Le Tricolore a imprégné sa patte et sa méthodologie, offrant un peu de fraîcheur bienvenue au sein du groupe helvétique. Il n’a, par exemple, pas hésité à créer des simulations de course durant la préparation estivale pour mettre ses gars en mode compétition. L’homme est décrit par ses protégés comme un coach aussi “ambitieux” que “bienveillant”. “J’essaie d’apporter ma bonne humeur lorsque nous ne sommes plus sur les skis. Créer une bonne atmosphère, une belle ambiance est une priorité. Mais j’ai aussi voulu amener mon sérieux et les athlètes l’ont bien compris en compétition. Je ne quitte pas ma famille 150 à 200 jours par année pour être moyen. Je veux que l’on performe.”
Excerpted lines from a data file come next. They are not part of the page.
lemma indep_vars_indep_var_compose:
  assumes "indep_vars (\<lambda>_. borel) T I" "i \<in> I" "j \<in> I" "i \<noteq> j"
    and [measurable]: "f \<in> borel_measurable borel" "g \<in> borel_measurable borel"
  shows "indep_var borel (\<lambda>x. f (T i x)) borel (\<lambda>x. g (T j x))"
proof -
  have "indep_var (PiM {i} (\<lambda>_. borel)) (\<lambda>x. restrict (\<lambda>k. T k x) {i})
                  (PiM {j} (\<lambda>_. borel)) (\<lambda>x. restrict (\<lambda>k. T k x) {j})"
    using indep_var_restrict[OF assms(1), of "{i}" "{j}"] assms(2-4) by auto
  moreover have "(\<lambda>F. f (F i)) \<in> measurable (PiM {i} (\<lambda>_. borel)) borel"
    and "(\<lambda>F. g (F j)) \<in> measurable (PiM {j} (\<lambda>_. borel)) borel"
    by measurable
  ultimately have "indep_var borel ((\<lambda>F. f (F i)) \<circ> (\<lambda>x. restrict (\<lambda>k. T k x) {i}))
                          borel ((\<lambda>F. g (F j)) \<circ> (\<lambda>x. restrict (\<lambda>k. T k x) {j}))"
    by (rule indep_var_compose)
  then show ?thesis
    by (simp add: comp_def)
qed

lemma expectation_sample_mean:
  assumes "n \<ge> 1" "\<And>i. i < n \<Longrightarrow> integrable M (X i)" "\<And>i. i < n \<Longrightarrow> expectation (X i) = \<mu>"
  shows "expectation (sample_mean n X) = \<mu>"
  using assms unfolding sample_mean_def by simp

end

locale iid_copies = prob_space +
  fixes T :: "nat \<Rightarrow> 'a \<Rightarrow> 'b::topological_space" and T0 :: "'a \<Rightarrow> 'b" and n :: nat
  assumes copies_measurable: "\<And>i. i < n \<Longrightarrow> T i \<in> borel_measurable M"
    and measurable_T0: "T0 \<in> borel_measurable M"
    and copies_indep: "indep_vars (\<lambda>_. borel) T {..<n}"
    and copies_distr: "\<And>i. i < n \<Longrightarrow> distr M borel (T i) = distr M borel T0"
    and nonempty_sample: "n \<ge> 1"
begin

lemma square_integrable_copy:
  "f \<in> borel_measurable borel \<Longrightarrow> square_integrable M (\<lambda>x. f (T0 x)) \<Longrightarrow> i < n
    \<Longrightarrow> square_integrable M (\<lambda>x. f (T i x))"
  using square_integrable_distr_eq copies_measurable measurable_T0 copies_distr by blast

lemma square_integrable_sample_mean_copies:
  assumes "f \<in> borel_measurable borel" "square_integrable M (\<lambda>x. f (T0 x))"
  shows "square_integrable M (sample_mean n (\<lambda>i x. f (T i x)))"
  using square_integrable_copy[OF assms] by (rule square_integrable_sample_mean)

lemma expectation_sample_mean_copies:
  assumes "f \<in> borel_measurable borel" "square_integrable M (\<lambda>x. f (T0 x))"
  shows "expectation (sample_mean n (\<lambda>i x. f (T i x))) = expectation (\<lambda>x. f (T0 x))"
  using nonempty_sample square_integrable_integrable[OF square_integrable_copy[OF assms]]
    expectation_distr_eq[OF copies_measurable measurable_T0 copies_distr assms(1)]
  by (rule expectation_sample_mean)

lemma cov_sample_mean_copies:
  assumes f: "f \<in> borel_measurable borel" "square_integrable M (\<lambda>x. f (T0 x))"
    and g: "g \<in> borel_measurable borel" "square_integrable M (\<lambda>x. g (T0 x))"
  shows "cov M (sample_mean n (\<lambda>i x. f (T i x))) (sample_mean n (\<lambda>i x. g (T i x)))
    = cov M (\<lambda>x. f (T0 x)) (\<lambda>x. g (T0 x)) / real n"
proof (rule cov_sample_mean)
  show "cov M (\<lambda>x. f (T i x)) (\<lambda>x. g (T j x)) = 0" if "i < n" "j < n" "i \<noteq> j" for i j
    using that copies_indep
    by (intro cov_indep_var indep_vars_indep_var_compose square_integrable_copy f g) auto
  show "cov M (\<lambda>x. f (T i x)) (\<lambda>x. g (T i x)) = cov M (\<lambda>x. f (T0 x)) (\<lambda>x. g (T0 x))"
    if "i < n" for i
    using cov_distr_eq[OF copies_measurable[OF that] measurable_T0 copies_distr[OF that] f(1) g(1)] .
qed (use square_integrable_copy[OF f] square_integrable_copy[OF g] in auto)

end

theorem mainTheorem4:
  fixes M :: "'a measure"
    and A B C :: "'a \<Rightarrow> real"
    and As Bs Cs :: "nat \<Rightarrow> 'a \<Rightarrow> real"
    and n :: nat
  assumes "prob_space M"
    and "A \<in> borel_measurable M" and "B \<in> borel_measurable M" and "C \<in> borel_measurable M"
    and "integrable M (\<lambda>x. (A x)^2)" and "integrable M (\<lambda>x. (B x)^2)"
    and "integrable M (\<lambda>x. (C x)^2)"
    and "prob_space.variance M B > 0"
    and "prob_space.expectation M A \<noteq> 0"
    and "prob_space.expectation M C \<noteq> 0"
    and "n \<ge> 1"
    and "\<And>i. i < n \<Longrightarrow> As i \<in> borel_measurable M"
    and "\<And>i. i < n \<Longrightarrow> Bs i \<in> borel_measurable M"
    and "\<And>i. i < n \<Longrightarrow> Cs i \<in> borel_measurable M"
    and "prob_space.indep_vars M (\<lambda>_. borel) (\<lambda>i x. (As i x, Bs i x, Cs i x)) {..<n}"
    and "\<And>i. i < n \<Longrightarrow>
           distr M borel (\<lambda>x. (As i x, Bs i x, Cs i x)) = distr M borel (\<lambda>x. (A x, B x, C x))"
  shows "let R = prob_space.expectation M A / prob_space.expectation M C;
             \<alpha>' = (cov M A B - R * cov M B C) / prob_space.variance M B;
             N = (\<lambda>\<alpha> x. sample_mean n As x + \<alpha> * (prob_space.expectation M B - sample_mean n Bs x))
         in Phi M (N \<alpha>') (sample_mean n Cs) - Phi M (sample_mean n As) (sample_mean n Cs)
              = - (1 / (real n * (prob_space.expectation M C)^2))
                  * ((cov M A B - R * cov M B C)^2 / prob_space.variance M B)
            \<and> Phi M (N \<alpha>') (sample_mean n Cs) - Phi M (sample_mean n As) (sample_mean n Cs) \<le> 0"
proof -
  interpret prob_space M by fact
  define T where "T = (\<lambda>i x. (As i x, Bs i x, Cs i x))"
  interpret iid_copies M T "\<lambda>x. (A x, B x, C x)" n
    by unfold_locales (use assms in \<open>auto simp: T_def intro!: borel_measurable_Pair\<close>)
  have components: "fst \<in> borel_measurable borel" "(\<lambda>u. fst (snd u)) \<in> borel_measurable borel"
    "(\<lambda>u. snd (snd u)) \<in> borel_measurable borel"
    by (intro borel_measurable_continuous_onI continuous_intros)+
  have "square_integrable M A" "square_integrable M B" "square_integrable M C"
    using assms unfolding square_integrable_def by auto
  then have SA: "square_integrable M (sample_mean n As)" "expectation (sample_mean n As) = expectation A"
    and SB: "square_integrable M (sample_mean n Bs)" "expectation (sample_mean n Bs) = expectation B"
      "variance (sample_mean n Bs) = variance B / n"
    and SC: "square_integrable M (sample_mean n Cs)" "expectation (sample_mean n Cs) = expectation C"
    and cov_AB: "cov M (sample_mean n As) (sample_mean n Bs) = cov M A B / n"
    and cov_CB: "cov M (sample_mean n Cs) (sample_mean n Bs) = cov M B C / n"
    using components[THEN square_integrable_sample_mean_copies]
      components[THEN expectation_sample_mean_copies]
      cov_sample_mean_copies[OF components(1) _ components(2)]
      cov_sample_mean_copies[OF components(2) _ components(2)]
      cov_sample_mean_copies[OF components(3) _ components(2)]
    unfolding variance_eq_cov by (simp_all add: T_def cov_commute[of C B])
  define R where "R = expectation A / expectation C"
  define K where "K = cov M A B - R * cov M B C"
  have cov_residual: "cov M (\<lambda>x. sample_mean n As x - R * sample_mean n Cs x) (sample_mean n Bs) = K / n"
    using cov_add_cmult_left[OF SA(1) SC(1) SB(1), of "- R" 0] cov_AB cov_CB
    unfolding K_def by (simp add: diff_divide_distrib)
  have difference: "Phi M (\<lambda>x. sample_mean n As x + \<alpha> * (expectation B - sample_mean n Bs x))
        (sample_mean n Cs) - Phi M (sample_mean n As) (sample_mean n Cs)
      = \<alpha> * (\<alpha> * (variance B / n) - 2 * (K / n)) / (expectation C)\<^sup>2" for \<alpha>
    using Phi_control_variate[OF SA(1) SB(1) SC(1), of \<alpha>] unfolding SB(3)
    unfolding SA(2) SB(2) SC(2) R_def[symmetric] cov_residual .
  have "K / variance B * (K / variance B * (variance B / n) - 2 * (K / n)) / (expectation C)\<^sup>2
      = - (1 / (real n * (expectation C)\<^sup>2)) * (K\<^sup>2 / variance B)"
    using assms(8,10,11) by (simp add: field_simps power2_eq_square)
  moreover have "- (1 / (real n * (expectation C)\<^sup>2)) * (K\<^sup>2 / variance B) \<le> 0"
    using assms(8) by simp
  ultimately show ?thesis
    using difference[of "K / variance B"] unfolding Let_def R_def[symmetric] K_def[symmetric] by simp
qed

end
Dans un désir mêlant ambitions et travail, il souhaiterait voir ses troupes revenir de Pékin avec une breloque olympique en relais. “J’ai toujours axé l’essentiel de mon travail autour du collectif.” Et les médailles avec l’équipe de France en témoignent. “Etre performant ensemble est extrêmement fort et gratifiant. Cela réjouit toute l’équipe, des techniciens aux physios en passant par les coachs et l’ensemble des athlètes. Et je suis certain que l’on peut ferrailler avec les meilleures nations pour une médaille aux Jeux.”

Et il est clair que François Faivre et ses gars ne se rendent pas en Chine pour acheter du terrain.